___ GIVEN RECORDS

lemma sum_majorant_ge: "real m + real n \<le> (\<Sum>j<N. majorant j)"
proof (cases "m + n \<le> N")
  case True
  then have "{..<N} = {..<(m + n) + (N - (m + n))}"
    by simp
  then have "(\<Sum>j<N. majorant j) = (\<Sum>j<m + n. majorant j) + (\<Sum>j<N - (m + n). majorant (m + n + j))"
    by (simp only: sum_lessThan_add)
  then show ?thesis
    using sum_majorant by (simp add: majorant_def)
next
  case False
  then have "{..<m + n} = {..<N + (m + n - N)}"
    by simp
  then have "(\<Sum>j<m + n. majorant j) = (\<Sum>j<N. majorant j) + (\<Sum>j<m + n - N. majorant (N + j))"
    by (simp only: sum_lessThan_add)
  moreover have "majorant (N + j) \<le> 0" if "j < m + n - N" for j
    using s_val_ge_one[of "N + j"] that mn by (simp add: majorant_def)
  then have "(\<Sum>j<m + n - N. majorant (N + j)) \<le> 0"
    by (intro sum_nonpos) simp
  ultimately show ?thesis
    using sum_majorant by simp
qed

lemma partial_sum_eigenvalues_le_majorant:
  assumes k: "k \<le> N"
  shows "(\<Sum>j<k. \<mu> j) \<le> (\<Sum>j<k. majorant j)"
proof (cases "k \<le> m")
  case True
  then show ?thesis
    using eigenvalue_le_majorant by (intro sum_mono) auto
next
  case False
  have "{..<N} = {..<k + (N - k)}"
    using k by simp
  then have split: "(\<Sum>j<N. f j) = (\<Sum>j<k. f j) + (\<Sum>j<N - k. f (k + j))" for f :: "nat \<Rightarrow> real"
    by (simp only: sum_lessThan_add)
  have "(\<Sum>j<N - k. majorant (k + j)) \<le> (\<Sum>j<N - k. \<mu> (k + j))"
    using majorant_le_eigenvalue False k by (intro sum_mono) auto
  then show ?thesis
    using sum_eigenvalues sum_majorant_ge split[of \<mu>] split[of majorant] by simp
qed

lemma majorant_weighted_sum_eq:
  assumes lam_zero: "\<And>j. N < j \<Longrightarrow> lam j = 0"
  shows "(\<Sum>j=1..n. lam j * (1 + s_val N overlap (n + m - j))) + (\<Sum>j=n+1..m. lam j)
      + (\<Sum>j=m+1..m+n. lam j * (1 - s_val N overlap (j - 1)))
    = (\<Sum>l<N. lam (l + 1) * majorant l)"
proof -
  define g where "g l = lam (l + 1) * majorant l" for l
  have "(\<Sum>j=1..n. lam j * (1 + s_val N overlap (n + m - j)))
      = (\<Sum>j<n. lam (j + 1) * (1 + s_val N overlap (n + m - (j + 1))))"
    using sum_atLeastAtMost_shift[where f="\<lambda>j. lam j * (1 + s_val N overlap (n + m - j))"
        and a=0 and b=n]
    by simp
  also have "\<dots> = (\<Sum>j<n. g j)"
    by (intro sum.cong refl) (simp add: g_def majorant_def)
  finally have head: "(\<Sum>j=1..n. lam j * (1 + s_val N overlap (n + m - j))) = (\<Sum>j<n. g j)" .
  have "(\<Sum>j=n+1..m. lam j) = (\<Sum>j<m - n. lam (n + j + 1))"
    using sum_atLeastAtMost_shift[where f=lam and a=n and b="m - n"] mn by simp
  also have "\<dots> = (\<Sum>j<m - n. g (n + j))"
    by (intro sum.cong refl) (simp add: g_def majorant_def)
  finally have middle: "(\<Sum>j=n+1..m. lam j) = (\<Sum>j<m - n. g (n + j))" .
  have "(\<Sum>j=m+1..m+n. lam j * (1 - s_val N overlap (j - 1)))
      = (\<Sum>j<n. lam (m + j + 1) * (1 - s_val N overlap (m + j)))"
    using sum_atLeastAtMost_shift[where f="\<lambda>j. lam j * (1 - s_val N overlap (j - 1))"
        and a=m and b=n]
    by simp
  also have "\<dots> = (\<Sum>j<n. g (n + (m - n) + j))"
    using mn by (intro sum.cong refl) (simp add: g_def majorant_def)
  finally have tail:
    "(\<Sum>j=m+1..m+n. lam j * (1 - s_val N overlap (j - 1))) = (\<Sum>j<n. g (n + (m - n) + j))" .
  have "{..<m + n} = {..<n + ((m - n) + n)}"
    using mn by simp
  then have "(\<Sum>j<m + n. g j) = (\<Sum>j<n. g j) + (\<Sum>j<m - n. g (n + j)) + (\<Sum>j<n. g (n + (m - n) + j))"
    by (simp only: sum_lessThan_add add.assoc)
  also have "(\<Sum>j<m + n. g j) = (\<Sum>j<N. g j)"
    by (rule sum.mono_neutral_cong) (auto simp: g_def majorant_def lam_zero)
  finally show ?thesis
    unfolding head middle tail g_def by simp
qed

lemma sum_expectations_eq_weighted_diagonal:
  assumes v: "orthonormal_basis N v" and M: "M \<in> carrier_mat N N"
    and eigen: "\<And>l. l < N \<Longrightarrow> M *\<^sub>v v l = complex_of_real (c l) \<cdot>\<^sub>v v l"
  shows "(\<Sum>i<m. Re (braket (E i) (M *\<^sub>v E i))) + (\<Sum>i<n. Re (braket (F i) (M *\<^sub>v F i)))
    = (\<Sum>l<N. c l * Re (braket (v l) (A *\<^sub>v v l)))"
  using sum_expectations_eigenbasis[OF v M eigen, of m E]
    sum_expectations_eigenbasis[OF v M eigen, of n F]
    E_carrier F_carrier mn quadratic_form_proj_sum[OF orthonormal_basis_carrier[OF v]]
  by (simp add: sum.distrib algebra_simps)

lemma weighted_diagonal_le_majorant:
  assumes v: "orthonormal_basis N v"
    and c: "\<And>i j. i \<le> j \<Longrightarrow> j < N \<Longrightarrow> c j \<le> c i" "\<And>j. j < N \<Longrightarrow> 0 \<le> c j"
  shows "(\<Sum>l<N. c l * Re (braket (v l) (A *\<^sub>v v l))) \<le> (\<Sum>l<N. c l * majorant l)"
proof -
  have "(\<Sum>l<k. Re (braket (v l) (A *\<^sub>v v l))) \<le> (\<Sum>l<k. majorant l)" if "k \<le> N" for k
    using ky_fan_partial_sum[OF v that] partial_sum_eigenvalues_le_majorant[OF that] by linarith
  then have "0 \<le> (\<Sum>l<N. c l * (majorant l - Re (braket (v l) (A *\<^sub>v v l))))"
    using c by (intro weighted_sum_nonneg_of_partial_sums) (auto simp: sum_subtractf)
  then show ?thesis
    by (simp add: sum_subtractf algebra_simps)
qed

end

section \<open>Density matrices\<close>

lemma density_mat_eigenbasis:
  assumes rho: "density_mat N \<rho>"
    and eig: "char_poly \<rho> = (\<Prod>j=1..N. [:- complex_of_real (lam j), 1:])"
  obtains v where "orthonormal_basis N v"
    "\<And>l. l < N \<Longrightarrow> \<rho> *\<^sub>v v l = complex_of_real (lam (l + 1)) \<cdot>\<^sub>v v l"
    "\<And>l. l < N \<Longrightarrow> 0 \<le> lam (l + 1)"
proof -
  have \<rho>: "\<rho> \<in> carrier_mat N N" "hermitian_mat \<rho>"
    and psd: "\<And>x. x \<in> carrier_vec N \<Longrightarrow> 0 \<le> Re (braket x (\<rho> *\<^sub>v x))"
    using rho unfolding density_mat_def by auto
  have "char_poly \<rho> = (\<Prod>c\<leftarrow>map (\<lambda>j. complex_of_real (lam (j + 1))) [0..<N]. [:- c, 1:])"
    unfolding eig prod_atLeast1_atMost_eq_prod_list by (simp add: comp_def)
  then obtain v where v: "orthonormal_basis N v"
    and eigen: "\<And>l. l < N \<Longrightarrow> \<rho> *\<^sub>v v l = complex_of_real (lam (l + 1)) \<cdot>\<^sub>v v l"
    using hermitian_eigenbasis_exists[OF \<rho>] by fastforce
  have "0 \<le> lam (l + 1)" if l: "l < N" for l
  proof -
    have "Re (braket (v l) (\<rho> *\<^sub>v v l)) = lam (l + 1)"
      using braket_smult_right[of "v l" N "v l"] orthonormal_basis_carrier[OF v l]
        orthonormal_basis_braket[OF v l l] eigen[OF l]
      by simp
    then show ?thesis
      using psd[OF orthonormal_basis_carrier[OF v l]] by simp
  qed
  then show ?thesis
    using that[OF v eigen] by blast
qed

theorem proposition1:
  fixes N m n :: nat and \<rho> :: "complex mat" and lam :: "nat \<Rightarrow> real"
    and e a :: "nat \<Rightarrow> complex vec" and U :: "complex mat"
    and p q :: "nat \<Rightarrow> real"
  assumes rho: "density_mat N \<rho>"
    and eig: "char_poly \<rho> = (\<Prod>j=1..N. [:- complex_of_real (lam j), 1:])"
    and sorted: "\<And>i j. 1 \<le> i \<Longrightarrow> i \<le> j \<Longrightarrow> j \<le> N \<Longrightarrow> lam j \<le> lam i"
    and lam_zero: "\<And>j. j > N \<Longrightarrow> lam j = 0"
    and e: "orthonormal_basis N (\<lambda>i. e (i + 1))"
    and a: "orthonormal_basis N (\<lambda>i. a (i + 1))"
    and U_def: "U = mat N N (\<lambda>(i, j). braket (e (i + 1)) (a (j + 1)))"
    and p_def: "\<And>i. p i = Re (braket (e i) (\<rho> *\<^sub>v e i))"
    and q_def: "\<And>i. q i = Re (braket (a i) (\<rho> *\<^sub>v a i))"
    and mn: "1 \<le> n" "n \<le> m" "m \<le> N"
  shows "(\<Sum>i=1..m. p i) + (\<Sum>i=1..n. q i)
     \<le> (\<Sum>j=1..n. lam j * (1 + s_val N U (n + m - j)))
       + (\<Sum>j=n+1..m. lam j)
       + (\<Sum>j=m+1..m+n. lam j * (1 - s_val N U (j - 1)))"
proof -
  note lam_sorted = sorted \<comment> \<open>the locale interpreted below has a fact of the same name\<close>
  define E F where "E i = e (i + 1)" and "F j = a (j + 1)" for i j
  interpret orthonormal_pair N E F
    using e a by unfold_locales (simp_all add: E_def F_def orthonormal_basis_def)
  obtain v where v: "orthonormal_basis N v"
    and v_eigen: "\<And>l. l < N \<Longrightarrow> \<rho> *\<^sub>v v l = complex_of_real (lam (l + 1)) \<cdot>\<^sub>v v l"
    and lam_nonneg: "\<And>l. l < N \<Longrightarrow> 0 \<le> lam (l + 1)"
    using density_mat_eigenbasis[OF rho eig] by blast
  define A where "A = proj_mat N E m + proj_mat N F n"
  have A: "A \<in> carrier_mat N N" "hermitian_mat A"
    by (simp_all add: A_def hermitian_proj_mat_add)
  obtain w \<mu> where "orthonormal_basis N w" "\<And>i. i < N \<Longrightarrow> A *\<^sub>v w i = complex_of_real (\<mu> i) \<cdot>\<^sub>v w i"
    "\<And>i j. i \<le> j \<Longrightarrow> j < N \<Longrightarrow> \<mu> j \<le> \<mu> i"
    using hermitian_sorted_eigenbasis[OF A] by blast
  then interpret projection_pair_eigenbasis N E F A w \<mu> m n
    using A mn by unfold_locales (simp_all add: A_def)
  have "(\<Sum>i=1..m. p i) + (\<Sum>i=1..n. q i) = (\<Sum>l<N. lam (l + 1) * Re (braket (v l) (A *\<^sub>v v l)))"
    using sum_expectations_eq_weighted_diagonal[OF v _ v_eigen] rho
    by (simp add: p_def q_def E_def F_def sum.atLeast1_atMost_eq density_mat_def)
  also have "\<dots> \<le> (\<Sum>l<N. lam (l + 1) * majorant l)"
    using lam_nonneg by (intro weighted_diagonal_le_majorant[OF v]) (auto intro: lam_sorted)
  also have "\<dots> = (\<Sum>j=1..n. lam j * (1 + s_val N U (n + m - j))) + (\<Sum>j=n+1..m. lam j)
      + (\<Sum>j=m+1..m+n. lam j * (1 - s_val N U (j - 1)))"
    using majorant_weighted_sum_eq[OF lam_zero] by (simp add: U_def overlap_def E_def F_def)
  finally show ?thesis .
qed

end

______

▸ **WORK TO BE COMPLETED**
Please copy the lines in the records above between the one holding "N (\<lambda>i. a" and the one holding "obtain w \<mu>", inclusive, exactly and with no other line.

▸ **PROBLEM SOLUTION**
    and a: "orthonormal_basis N (\<lambda>i. a (i + 1))"
    and U_def: "U = mat N N (\<lambda>(i, j). braket (e (i + 1)) (a (j + 1)))"
    and p_def: "\<And>i. p i = Re (braket (e i) (\<rho> *\<^sub>v e i))"
    and q_def: "\<And>i. q i = Re (braket (a i) (\<rho> *\<^sub>v a i))"
    and mn: "1 \<le> n" "n \<le> m" "m \<le> N"
  shows "(\<Sum>i=1..m. p i) + (\<Sum>i=1..n. q i)
     \<le> (\<Sum>j=1..n. lam j * (1 + s_val N U (n + m - j)))
       + (\<Sum>j=n+1..m. lam j)
       + (\<Sum>j=m+1..m+n. lam j * (1 - s_val N U (j - 1)))"
proof -
  note lam_sorted = sorted \<comment> \<open>the locale interpreted below has a fact of the same name\<close>
  define E F where "E i = e (i + 1)" and "F j = a (j + 1)" for i j
  interpret orthonormal_pair N E F
    using e a by unfold_locales (simp_all add: E_def F_def orthonormal_basis_def)
  obtain v where v: "orthonormal_basis N v"
    and v_eigen: "\<And>l. l < N \<Longrightarrow> \<rho> *\<^sub>v v l = complex_of_real (lam (l + 1)) \<cdot>\<^sub>v v l"
    and lam_nonneg: "\<And>l. l < N \<Longrightarrow> 0 \<le> lam (l + 1)"
    using density_mat_eigenbasis[OF rho eig] by blast
  define A where "A = proj_mat N E m + proj_mat N F n"
  have A: "A \<in> carrier_mat N N" "hermitian_mat A"
    by (simp_all add: A_def hermitian_proj_mat_add)
  obtain w \<mu> where "orthonormal_basis N w" "\<And>i. i < N \<Longrightarrow> A *\<^sub>v w i = complex_of_real (\<mu> i) \<cdot>\<^sub>v w i"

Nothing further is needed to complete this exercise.